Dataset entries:
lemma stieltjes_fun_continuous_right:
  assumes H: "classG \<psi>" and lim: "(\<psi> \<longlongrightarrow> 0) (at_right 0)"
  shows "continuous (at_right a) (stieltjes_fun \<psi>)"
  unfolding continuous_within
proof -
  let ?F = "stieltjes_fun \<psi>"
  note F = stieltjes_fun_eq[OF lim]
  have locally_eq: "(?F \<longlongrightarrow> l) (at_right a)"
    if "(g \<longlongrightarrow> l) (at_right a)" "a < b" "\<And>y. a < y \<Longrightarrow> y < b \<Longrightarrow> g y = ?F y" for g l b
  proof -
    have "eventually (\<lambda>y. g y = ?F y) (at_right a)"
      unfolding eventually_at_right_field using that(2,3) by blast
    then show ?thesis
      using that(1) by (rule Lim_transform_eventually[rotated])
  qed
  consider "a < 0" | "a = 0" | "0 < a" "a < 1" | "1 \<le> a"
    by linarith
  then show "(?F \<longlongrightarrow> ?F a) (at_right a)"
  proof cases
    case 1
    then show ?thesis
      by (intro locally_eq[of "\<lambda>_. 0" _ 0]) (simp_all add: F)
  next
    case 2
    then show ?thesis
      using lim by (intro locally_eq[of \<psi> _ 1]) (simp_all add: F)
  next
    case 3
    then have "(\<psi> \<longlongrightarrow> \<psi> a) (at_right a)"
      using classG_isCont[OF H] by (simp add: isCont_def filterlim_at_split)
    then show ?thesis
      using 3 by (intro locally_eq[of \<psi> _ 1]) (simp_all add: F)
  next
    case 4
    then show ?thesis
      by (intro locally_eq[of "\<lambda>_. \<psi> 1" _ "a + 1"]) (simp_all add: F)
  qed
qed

...

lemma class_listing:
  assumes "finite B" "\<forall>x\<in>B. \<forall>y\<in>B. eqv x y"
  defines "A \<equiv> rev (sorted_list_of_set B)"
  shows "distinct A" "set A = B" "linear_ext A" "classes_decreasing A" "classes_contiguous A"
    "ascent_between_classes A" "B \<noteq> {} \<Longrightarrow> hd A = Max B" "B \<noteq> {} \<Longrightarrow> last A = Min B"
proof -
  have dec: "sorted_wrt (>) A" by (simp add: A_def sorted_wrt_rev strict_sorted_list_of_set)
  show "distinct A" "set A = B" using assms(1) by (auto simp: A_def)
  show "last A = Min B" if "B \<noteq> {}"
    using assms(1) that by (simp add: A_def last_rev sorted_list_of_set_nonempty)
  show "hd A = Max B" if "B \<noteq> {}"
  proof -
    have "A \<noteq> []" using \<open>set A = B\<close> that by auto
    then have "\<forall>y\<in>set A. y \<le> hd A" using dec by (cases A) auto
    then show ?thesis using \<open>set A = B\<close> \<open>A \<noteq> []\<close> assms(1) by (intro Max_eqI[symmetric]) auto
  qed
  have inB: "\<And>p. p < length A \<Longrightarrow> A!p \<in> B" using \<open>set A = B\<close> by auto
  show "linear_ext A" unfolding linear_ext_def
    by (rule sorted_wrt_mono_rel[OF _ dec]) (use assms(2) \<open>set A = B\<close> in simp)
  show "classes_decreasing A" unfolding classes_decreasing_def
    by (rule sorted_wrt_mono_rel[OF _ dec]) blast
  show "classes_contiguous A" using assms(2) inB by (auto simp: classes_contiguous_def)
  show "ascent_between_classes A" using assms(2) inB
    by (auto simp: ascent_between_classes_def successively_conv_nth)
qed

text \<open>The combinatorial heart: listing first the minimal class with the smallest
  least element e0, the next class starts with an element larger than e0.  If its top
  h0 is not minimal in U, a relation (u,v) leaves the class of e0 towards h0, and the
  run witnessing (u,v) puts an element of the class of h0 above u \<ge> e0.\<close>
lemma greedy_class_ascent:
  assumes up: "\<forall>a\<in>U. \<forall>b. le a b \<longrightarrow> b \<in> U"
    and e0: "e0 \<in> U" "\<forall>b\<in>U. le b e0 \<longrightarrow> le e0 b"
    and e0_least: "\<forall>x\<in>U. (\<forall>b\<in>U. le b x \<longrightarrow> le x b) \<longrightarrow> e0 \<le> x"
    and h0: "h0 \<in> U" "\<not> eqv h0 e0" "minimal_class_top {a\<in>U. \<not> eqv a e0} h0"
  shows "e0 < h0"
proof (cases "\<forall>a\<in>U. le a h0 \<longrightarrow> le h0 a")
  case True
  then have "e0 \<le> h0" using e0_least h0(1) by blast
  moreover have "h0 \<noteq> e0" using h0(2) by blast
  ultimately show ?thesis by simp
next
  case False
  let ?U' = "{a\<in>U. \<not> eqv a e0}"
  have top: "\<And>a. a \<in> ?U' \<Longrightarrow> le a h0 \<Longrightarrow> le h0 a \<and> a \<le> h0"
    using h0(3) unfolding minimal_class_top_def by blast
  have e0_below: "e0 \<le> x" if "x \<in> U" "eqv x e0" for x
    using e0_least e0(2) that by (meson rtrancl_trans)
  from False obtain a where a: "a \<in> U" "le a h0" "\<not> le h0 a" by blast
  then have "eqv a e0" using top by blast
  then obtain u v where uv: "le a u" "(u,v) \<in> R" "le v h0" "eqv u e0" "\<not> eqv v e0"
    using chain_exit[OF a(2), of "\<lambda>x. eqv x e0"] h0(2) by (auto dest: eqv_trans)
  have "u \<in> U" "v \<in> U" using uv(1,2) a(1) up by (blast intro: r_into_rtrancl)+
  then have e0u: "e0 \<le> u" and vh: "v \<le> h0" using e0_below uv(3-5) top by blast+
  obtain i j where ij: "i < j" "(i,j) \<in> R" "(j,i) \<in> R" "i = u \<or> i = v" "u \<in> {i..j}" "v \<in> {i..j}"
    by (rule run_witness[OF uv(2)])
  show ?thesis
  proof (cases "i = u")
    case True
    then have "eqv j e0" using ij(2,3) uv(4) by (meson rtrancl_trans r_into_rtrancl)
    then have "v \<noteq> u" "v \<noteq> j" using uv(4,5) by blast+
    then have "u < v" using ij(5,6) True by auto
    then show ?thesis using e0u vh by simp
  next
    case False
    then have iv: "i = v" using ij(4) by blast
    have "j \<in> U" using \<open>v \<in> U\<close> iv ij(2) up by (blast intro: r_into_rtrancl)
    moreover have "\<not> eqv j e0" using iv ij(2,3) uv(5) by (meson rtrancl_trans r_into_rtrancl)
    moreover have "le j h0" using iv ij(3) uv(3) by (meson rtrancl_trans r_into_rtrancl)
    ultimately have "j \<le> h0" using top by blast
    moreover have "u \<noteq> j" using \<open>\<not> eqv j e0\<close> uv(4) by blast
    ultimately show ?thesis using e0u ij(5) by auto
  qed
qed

▸ **Assigned task**: Copy all lines from the data that hold the word "True".

▸ **Problem solution**:
  case True
    case True
    then have "u < v" using ij(5,6) True by auto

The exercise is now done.